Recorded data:
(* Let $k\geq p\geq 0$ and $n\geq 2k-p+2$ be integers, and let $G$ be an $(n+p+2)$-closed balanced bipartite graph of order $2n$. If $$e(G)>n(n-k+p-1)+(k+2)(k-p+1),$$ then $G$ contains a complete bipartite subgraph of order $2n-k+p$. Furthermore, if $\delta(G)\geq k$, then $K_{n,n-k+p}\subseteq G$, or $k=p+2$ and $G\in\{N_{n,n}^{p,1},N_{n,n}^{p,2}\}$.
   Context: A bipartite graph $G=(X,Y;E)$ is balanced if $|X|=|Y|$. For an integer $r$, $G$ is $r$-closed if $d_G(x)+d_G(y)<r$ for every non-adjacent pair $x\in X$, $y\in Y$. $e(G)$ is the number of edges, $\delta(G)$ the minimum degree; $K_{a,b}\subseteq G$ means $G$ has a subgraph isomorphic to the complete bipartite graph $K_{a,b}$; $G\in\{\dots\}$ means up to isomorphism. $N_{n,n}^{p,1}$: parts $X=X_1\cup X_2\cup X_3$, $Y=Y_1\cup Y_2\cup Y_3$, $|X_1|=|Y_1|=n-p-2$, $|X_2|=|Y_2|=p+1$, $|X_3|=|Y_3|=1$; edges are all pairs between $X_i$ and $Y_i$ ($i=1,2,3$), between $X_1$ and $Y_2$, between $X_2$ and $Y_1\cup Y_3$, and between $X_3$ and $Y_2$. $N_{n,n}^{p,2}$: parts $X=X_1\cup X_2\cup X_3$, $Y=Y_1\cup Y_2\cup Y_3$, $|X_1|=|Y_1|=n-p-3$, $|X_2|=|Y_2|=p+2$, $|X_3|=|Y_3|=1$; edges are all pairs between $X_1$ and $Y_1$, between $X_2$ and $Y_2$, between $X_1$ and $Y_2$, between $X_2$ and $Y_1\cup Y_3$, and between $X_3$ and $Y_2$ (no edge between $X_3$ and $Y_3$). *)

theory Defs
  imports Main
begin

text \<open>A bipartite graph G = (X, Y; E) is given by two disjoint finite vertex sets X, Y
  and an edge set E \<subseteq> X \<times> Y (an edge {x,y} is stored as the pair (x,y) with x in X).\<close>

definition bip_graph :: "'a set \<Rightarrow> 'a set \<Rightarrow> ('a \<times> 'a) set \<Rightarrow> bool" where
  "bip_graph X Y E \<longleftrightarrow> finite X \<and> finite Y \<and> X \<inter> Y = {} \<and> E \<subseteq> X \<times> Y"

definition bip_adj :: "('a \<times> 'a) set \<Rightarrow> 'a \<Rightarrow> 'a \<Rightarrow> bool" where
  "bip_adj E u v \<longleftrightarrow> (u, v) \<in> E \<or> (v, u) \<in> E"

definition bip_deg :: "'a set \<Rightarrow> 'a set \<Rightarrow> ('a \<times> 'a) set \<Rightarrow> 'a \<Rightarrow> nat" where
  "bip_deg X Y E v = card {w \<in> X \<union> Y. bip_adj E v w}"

--

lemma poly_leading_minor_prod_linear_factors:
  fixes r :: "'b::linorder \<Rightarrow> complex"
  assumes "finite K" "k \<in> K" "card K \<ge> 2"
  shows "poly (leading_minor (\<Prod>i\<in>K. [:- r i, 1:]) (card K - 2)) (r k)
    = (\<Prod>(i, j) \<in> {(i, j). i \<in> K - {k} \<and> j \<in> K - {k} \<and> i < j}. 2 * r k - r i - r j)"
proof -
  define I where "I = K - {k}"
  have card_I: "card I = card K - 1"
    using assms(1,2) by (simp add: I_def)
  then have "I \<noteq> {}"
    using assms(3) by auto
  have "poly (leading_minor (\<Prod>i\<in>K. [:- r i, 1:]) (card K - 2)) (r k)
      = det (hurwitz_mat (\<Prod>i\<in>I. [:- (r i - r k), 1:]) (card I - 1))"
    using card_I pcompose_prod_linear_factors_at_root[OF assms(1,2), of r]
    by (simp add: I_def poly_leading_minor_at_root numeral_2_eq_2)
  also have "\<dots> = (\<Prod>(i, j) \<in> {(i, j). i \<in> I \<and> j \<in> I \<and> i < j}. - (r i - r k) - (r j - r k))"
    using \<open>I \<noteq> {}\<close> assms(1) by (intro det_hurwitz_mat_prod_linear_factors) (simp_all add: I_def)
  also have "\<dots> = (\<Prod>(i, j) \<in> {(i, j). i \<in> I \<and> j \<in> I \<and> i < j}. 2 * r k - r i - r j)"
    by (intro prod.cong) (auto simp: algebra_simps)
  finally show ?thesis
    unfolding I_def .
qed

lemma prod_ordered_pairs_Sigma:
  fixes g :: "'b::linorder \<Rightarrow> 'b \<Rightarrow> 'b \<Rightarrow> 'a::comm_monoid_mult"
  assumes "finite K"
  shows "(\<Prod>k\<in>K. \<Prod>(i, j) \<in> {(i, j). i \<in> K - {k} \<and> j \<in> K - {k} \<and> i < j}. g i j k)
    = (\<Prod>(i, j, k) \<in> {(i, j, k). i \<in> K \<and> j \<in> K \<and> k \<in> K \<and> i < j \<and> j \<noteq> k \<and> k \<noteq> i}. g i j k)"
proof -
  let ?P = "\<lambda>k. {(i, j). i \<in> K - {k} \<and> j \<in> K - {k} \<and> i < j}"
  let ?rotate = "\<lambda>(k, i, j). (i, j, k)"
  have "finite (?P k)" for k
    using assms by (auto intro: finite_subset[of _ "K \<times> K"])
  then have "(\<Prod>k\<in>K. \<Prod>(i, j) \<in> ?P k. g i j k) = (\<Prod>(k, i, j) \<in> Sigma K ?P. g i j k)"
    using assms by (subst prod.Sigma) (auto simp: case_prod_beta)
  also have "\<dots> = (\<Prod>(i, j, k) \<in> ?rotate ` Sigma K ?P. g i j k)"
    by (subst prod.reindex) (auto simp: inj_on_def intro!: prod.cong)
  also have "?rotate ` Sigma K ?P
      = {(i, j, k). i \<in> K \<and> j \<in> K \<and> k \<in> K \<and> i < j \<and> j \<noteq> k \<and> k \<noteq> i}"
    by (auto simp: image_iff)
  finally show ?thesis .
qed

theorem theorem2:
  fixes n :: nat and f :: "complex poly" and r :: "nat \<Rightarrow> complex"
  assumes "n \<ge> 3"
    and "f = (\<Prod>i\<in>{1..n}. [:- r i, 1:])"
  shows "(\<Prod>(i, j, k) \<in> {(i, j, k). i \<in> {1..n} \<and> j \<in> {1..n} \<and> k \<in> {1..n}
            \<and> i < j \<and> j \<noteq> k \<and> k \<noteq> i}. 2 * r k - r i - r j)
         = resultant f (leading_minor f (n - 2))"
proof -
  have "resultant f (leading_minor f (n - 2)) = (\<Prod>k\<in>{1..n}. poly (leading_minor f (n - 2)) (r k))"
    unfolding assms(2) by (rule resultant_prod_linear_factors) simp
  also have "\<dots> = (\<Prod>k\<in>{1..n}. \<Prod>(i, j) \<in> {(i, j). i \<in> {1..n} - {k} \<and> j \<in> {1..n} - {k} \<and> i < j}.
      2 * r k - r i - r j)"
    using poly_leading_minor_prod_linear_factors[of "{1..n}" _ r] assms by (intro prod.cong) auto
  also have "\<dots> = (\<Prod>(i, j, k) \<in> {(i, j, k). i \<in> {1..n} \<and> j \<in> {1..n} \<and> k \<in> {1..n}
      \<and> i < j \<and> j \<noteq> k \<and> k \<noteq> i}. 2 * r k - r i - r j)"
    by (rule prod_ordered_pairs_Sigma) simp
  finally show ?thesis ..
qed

* * *

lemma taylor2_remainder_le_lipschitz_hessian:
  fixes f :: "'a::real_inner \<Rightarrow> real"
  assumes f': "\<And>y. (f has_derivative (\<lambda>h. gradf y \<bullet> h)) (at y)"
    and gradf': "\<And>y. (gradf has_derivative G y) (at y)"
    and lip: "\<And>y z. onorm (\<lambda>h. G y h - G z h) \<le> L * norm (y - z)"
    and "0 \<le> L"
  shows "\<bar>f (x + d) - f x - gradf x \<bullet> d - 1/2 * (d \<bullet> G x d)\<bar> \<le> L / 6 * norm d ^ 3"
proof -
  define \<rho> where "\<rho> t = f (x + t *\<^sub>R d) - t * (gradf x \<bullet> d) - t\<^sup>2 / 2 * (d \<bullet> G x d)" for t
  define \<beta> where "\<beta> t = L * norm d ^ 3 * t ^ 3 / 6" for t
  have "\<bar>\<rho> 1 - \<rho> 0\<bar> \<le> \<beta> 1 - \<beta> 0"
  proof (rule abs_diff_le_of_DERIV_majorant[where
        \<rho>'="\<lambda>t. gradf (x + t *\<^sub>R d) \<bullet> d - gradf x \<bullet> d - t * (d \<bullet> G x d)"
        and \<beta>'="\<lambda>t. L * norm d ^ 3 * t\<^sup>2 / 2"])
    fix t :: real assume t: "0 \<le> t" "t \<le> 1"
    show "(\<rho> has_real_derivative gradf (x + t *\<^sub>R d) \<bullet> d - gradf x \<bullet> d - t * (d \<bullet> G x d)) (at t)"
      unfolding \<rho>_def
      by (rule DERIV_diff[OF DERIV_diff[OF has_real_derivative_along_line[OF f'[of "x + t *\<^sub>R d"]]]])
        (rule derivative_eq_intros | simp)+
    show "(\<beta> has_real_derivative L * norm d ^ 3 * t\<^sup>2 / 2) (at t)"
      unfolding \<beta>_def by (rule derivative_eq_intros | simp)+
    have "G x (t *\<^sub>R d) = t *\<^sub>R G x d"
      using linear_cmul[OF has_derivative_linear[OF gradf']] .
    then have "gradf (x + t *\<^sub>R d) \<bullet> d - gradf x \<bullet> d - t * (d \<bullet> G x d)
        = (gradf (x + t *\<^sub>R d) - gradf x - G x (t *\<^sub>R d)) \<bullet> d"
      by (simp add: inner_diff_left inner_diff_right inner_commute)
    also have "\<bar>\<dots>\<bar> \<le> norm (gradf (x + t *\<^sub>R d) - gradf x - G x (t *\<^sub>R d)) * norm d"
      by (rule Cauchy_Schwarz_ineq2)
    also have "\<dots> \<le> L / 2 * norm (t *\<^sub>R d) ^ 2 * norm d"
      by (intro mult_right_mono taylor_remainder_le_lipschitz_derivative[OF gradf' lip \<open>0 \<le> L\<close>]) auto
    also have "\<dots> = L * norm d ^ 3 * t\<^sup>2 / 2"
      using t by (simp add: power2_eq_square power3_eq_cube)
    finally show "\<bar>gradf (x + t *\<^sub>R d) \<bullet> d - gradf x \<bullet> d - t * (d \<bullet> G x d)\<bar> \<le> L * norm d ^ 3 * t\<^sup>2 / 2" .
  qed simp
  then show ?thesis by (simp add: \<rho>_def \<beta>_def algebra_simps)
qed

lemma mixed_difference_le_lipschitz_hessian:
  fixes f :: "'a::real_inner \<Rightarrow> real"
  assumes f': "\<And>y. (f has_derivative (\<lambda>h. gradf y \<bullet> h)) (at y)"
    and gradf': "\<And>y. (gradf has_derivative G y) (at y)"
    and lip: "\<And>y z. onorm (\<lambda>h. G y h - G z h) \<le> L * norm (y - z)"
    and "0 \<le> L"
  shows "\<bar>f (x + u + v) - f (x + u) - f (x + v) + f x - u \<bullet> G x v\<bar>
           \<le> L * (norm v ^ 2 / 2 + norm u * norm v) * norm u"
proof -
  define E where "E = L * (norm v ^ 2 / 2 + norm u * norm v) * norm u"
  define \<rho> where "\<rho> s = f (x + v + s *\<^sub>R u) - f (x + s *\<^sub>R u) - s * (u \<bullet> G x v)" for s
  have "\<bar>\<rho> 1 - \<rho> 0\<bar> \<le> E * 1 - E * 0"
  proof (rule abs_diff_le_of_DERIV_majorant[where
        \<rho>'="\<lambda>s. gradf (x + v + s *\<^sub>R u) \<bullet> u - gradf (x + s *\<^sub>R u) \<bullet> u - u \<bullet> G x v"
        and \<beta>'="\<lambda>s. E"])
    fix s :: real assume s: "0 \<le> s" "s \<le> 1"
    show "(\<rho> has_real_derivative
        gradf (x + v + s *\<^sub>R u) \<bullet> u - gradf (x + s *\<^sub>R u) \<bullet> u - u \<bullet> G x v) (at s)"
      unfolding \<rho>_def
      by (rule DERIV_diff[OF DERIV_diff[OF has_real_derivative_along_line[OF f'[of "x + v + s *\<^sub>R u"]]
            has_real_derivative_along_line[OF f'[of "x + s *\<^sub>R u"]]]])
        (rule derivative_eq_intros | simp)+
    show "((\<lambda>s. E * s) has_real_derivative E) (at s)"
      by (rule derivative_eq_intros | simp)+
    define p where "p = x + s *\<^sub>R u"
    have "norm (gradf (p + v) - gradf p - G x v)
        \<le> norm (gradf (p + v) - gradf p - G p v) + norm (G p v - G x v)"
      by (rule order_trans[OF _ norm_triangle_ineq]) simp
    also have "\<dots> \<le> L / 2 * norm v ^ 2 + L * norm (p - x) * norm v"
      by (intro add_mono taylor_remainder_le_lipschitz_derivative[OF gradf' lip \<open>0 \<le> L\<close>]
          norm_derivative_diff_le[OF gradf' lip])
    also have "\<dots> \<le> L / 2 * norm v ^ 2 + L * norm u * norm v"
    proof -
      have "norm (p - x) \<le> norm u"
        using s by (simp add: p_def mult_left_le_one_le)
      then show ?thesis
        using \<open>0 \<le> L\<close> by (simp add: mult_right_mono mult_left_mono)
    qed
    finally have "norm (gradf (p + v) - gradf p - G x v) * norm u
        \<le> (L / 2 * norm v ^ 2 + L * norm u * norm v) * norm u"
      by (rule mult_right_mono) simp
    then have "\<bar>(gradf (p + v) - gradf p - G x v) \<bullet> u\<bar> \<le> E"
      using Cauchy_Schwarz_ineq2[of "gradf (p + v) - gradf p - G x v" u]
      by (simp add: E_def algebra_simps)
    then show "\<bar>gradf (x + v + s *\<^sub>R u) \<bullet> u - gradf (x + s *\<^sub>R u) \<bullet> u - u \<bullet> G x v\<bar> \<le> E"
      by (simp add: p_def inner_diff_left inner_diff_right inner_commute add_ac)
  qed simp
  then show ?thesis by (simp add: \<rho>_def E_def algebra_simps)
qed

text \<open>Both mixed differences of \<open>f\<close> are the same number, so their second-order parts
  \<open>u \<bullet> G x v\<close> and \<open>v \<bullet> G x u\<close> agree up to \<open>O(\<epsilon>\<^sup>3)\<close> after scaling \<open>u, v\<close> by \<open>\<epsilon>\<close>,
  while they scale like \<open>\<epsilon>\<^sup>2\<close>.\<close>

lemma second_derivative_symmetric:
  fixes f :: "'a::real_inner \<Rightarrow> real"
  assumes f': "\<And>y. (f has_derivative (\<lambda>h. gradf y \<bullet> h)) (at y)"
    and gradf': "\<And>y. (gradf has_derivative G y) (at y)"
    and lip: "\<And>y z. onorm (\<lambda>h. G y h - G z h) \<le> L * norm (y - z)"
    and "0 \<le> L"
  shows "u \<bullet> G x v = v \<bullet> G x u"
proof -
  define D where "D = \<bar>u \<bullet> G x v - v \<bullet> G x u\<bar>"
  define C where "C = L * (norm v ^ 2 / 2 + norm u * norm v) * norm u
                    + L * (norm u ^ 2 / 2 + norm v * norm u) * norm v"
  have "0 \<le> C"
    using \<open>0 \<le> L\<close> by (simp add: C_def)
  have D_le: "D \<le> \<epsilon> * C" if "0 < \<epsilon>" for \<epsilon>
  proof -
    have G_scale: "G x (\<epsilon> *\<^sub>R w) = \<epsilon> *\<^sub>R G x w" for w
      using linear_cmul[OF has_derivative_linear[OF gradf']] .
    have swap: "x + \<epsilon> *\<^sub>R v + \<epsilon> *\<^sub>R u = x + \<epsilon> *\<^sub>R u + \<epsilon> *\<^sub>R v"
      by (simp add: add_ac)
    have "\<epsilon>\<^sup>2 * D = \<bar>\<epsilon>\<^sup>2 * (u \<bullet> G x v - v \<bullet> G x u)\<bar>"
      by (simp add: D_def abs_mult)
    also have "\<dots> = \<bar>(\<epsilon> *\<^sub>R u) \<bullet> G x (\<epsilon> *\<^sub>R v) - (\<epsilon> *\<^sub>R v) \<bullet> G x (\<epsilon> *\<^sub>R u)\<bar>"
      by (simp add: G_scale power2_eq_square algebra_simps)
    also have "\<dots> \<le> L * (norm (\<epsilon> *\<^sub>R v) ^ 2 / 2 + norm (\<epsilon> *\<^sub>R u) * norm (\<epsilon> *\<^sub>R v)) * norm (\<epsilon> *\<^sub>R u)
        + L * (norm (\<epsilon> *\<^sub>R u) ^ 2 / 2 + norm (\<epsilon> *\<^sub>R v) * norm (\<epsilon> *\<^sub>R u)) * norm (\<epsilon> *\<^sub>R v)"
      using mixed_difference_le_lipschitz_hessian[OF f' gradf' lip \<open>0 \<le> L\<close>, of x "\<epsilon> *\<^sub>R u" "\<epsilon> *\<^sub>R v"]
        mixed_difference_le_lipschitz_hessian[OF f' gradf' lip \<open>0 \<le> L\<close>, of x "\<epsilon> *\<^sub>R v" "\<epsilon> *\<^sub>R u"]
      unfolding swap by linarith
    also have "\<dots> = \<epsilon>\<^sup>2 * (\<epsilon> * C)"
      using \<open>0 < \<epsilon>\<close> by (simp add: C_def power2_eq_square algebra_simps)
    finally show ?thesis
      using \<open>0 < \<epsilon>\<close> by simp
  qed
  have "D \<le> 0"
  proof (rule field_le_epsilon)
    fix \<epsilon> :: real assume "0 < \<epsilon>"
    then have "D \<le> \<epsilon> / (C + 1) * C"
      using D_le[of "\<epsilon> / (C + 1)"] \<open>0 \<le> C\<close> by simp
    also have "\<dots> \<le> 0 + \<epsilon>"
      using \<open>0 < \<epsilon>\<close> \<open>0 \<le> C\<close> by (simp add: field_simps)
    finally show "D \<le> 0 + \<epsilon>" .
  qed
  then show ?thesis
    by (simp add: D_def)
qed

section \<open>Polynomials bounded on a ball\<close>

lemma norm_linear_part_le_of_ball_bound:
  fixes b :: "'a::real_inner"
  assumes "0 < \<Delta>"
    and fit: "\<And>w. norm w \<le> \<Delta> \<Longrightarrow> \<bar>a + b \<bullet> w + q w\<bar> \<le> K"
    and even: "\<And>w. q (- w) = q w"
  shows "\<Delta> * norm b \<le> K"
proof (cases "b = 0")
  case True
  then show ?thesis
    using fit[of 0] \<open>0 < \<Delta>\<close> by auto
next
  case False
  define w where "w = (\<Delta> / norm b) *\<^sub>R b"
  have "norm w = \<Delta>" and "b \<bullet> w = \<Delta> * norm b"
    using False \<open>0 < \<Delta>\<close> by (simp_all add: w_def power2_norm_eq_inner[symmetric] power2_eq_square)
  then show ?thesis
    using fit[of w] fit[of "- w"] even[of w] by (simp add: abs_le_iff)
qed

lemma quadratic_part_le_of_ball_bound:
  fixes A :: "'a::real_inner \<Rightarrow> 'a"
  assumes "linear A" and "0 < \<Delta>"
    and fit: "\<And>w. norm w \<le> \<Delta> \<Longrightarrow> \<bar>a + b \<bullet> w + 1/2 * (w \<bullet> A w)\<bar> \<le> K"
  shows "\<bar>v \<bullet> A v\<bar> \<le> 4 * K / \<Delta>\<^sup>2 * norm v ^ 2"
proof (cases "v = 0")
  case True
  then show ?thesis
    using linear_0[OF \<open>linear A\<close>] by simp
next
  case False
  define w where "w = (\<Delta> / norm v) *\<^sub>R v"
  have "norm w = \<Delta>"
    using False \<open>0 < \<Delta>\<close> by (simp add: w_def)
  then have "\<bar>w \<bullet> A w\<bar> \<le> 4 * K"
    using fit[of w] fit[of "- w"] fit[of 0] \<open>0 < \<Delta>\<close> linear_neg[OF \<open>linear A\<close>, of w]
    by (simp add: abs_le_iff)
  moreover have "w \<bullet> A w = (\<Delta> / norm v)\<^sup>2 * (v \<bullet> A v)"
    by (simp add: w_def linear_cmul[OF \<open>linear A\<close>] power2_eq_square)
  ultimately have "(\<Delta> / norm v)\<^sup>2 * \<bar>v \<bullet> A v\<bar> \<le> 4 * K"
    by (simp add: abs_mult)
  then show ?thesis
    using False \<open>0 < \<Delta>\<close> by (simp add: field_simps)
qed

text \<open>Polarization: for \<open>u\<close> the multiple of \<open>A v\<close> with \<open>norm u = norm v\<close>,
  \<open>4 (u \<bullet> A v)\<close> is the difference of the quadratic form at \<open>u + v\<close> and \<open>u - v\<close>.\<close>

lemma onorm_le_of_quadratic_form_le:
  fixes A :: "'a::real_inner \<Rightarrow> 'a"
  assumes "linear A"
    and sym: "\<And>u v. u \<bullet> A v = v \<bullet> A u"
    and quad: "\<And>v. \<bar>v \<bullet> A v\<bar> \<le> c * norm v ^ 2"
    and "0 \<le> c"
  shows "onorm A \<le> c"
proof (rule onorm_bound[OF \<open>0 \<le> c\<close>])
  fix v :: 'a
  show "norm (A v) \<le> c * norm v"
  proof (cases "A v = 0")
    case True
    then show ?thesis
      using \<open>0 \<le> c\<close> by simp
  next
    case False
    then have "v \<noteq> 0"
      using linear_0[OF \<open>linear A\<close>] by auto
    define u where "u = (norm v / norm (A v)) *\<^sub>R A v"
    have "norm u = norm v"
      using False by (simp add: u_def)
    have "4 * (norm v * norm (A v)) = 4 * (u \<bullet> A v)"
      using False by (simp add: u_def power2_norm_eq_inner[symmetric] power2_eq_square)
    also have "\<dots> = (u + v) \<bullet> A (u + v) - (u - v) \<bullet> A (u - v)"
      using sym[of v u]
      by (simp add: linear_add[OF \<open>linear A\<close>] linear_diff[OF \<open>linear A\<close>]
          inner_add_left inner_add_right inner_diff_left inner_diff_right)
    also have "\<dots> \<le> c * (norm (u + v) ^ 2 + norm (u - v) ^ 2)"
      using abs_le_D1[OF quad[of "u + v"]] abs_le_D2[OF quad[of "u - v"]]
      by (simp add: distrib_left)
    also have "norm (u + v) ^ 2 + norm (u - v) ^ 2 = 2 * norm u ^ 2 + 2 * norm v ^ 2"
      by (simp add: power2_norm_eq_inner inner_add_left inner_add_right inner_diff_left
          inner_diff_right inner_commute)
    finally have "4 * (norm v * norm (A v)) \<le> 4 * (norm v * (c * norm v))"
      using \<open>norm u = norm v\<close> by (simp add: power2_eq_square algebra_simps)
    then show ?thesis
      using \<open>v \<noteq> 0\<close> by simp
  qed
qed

PROBLEM STATEMENT: The answer must be a single number: the count of lines in the records above that contain the word "definition".

EXERCISE RESPONSE: 3